[Start of section]

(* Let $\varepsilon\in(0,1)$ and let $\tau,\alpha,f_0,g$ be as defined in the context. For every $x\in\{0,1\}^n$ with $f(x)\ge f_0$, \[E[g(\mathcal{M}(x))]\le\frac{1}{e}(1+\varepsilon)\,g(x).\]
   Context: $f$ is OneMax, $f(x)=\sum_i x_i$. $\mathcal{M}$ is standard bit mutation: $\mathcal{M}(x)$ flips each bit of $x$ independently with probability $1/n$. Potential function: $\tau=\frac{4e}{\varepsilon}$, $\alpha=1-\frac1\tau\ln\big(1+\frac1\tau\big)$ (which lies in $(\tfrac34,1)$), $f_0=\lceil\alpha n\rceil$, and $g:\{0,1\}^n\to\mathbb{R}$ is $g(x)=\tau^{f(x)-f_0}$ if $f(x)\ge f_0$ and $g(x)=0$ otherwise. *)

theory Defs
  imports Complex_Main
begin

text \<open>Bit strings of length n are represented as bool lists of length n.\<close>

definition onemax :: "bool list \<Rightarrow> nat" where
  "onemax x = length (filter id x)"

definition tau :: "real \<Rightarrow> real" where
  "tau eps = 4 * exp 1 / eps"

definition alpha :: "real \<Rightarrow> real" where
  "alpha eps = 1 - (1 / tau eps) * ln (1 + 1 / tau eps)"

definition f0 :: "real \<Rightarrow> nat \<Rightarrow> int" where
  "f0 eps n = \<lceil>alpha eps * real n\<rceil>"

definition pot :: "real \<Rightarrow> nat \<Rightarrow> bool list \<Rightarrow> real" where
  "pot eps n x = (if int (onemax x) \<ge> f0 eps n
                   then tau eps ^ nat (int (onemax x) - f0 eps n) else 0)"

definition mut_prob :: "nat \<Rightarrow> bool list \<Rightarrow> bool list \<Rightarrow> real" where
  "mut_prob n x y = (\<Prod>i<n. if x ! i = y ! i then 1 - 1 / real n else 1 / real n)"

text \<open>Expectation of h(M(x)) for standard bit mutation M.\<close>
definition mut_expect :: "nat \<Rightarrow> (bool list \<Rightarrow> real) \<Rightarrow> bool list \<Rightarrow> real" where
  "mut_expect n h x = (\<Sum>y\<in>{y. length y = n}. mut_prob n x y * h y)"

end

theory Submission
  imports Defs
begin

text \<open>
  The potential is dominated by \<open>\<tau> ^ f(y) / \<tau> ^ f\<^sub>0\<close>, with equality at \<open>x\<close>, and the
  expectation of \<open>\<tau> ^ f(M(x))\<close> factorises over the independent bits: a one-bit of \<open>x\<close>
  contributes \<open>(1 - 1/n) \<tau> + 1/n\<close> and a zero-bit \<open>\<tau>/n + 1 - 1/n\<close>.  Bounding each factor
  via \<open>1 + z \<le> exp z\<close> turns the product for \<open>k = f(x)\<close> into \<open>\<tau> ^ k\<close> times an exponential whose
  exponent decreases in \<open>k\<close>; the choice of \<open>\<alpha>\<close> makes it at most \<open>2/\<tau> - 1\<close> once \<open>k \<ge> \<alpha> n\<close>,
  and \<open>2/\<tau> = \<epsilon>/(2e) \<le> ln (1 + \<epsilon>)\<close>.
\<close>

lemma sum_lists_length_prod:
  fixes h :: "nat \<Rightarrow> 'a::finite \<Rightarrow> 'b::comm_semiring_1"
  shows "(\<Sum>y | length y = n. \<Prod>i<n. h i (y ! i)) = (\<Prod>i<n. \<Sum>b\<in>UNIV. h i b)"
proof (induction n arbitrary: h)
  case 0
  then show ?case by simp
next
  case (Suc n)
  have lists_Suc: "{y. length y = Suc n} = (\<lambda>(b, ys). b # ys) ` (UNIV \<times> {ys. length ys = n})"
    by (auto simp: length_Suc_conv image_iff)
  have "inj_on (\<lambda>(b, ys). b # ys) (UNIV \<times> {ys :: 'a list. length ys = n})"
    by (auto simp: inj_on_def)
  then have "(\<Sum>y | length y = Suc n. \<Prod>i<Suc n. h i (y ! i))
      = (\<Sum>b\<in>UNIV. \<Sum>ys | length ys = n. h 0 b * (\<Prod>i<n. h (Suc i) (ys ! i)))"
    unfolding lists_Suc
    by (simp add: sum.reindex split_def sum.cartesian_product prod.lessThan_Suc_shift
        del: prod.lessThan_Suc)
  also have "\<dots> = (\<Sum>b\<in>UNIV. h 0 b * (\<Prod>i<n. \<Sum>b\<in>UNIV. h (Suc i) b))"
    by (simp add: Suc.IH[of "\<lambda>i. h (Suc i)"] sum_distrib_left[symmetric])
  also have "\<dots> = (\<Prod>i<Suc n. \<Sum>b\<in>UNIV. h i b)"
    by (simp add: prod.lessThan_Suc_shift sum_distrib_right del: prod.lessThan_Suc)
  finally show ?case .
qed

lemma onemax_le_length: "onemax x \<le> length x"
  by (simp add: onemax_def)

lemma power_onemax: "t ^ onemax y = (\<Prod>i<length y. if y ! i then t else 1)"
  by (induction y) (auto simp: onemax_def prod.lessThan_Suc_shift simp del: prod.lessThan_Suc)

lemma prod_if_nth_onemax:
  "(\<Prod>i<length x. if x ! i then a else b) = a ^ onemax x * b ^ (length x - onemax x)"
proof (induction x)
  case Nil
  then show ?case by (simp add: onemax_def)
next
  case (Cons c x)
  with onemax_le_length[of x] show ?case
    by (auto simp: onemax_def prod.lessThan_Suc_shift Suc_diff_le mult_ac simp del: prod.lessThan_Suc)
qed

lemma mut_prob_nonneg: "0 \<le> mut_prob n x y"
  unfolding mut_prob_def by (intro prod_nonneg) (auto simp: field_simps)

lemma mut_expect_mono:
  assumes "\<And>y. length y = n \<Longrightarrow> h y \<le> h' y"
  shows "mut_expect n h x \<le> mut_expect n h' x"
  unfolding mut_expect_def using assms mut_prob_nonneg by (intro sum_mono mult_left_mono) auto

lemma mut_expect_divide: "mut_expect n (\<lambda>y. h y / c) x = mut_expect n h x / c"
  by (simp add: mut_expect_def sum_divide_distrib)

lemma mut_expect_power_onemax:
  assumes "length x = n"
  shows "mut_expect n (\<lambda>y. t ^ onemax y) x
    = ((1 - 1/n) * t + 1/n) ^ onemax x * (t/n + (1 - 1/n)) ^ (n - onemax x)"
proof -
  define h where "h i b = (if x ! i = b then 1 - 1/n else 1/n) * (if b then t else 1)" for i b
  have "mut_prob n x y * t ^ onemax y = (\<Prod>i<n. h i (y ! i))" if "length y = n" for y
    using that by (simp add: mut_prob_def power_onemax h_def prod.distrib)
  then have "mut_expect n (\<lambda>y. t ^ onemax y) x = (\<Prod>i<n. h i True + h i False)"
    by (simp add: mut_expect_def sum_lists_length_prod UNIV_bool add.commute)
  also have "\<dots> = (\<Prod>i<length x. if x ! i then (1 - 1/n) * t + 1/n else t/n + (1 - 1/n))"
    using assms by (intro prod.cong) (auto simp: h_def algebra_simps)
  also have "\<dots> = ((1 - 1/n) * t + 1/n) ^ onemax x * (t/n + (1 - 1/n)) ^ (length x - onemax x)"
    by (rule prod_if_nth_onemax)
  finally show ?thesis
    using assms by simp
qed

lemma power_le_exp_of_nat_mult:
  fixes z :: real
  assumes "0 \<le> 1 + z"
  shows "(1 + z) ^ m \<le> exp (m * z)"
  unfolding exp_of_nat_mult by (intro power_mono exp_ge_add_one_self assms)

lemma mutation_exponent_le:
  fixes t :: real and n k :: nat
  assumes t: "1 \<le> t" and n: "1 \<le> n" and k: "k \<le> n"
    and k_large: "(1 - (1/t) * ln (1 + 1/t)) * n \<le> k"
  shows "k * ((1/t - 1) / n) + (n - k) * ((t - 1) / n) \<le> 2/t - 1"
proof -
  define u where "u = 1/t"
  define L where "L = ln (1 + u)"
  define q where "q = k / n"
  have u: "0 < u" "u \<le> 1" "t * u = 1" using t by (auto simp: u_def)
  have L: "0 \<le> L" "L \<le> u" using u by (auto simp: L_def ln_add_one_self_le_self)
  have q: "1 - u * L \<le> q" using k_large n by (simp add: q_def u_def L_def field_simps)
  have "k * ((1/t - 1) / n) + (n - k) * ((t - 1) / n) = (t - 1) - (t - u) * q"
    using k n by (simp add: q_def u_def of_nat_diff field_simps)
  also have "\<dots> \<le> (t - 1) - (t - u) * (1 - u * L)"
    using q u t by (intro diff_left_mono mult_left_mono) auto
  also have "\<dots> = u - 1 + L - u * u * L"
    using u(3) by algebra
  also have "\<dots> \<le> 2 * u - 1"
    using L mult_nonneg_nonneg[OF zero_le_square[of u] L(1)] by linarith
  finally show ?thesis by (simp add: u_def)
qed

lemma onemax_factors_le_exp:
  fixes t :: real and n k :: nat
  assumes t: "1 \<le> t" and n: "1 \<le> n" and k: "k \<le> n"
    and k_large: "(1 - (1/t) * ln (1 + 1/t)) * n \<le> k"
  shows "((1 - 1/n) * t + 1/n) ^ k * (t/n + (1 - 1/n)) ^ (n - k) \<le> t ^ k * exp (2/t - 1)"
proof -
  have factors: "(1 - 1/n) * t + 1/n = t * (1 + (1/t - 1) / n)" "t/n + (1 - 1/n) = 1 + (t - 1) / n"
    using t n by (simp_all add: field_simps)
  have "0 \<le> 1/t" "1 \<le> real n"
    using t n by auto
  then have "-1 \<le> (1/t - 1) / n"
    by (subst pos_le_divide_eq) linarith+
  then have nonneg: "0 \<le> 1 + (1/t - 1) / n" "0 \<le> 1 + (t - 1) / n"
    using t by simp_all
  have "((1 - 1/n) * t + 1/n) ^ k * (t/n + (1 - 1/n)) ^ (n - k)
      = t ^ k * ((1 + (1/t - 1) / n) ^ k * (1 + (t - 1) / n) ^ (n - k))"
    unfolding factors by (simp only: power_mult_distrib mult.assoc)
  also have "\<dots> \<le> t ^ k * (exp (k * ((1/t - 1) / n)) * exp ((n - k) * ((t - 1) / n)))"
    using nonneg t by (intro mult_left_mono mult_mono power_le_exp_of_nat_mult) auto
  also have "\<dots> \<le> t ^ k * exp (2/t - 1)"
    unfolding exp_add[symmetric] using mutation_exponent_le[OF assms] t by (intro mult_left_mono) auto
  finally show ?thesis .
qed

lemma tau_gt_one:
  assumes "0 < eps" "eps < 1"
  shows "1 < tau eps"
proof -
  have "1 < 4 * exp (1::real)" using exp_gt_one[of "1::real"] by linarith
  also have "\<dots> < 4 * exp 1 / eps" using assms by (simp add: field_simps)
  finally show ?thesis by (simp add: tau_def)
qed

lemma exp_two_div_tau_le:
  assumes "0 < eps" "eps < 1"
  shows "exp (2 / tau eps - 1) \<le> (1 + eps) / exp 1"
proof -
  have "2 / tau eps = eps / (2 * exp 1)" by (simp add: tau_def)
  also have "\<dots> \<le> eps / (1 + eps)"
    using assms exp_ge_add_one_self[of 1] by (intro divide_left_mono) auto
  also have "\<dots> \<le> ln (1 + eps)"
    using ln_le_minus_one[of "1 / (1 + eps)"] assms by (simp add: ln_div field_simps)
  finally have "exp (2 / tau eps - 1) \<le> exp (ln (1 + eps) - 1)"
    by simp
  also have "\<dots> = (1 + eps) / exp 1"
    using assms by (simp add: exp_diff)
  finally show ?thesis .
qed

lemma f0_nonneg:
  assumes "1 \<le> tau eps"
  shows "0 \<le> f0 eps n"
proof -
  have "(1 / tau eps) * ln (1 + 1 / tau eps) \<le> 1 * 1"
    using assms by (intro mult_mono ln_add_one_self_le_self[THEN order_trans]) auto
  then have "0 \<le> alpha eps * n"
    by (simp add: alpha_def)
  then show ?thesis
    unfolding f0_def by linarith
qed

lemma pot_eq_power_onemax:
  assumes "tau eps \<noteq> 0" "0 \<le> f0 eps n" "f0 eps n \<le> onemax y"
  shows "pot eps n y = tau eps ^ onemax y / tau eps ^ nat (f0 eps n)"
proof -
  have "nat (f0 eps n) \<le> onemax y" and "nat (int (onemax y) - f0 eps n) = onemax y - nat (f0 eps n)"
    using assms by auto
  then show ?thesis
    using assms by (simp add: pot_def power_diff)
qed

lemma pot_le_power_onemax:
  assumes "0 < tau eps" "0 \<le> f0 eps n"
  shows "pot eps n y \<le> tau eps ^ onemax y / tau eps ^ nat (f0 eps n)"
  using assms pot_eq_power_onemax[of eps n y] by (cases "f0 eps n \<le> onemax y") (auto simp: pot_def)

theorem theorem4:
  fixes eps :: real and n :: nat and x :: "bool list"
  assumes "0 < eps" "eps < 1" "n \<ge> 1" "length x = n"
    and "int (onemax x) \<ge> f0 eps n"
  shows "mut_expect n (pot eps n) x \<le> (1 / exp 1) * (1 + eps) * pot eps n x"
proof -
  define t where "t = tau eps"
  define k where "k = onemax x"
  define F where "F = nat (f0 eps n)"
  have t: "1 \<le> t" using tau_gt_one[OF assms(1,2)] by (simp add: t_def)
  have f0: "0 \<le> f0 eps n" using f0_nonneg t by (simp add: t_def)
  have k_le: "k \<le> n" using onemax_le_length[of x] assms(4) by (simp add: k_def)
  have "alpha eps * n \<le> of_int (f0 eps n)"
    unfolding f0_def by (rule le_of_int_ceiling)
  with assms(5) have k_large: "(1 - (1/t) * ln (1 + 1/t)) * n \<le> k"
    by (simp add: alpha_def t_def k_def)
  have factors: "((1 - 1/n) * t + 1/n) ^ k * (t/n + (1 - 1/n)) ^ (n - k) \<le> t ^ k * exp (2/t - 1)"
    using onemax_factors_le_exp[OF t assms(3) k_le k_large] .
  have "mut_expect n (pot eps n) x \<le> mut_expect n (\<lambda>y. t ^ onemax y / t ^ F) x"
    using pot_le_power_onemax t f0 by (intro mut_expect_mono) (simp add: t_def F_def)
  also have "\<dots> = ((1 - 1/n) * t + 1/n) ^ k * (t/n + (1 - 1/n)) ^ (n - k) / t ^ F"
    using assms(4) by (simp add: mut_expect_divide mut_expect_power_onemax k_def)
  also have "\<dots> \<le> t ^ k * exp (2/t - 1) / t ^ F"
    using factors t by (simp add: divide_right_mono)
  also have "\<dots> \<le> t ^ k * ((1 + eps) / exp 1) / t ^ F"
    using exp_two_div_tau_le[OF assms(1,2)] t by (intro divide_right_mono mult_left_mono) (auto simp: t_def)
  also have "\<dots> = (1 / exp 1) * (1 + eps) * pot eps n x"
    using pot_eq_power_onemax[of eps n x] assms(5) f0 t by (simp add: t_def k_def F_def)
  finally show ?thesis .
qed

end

[End of section]

Task statement ▸ The task calls for all lines in the entries that hold "lceil".

Solution ▸
   Context: $f$ is OneMax, $f(x)=\sum_i x_i$. $\mathcal{M}$ is standard bit mutation: $\mathcal{M}(x)$ flips each bit of $x$ independently with probability $1/n$. Potential function: $\tau=\frac{4e}{\varepsilon}$, $\alpha=1-\frac1\tau\ln\big(1+\frac1\tau\big)$ (which lies in $(\tfrac34,1)$), $f_0=\lceil\alpha n\rceil$, and $g:\{0,1\}^n\to\mathbb{R}$ is $g(x)=\tau^{f(x)-f_0}$ if $f(x)\ge f_0$ and $g(x)=0$ otherwise. *)
  "f0 eps n = \<lceil>alpha eps * real n\<rceil>"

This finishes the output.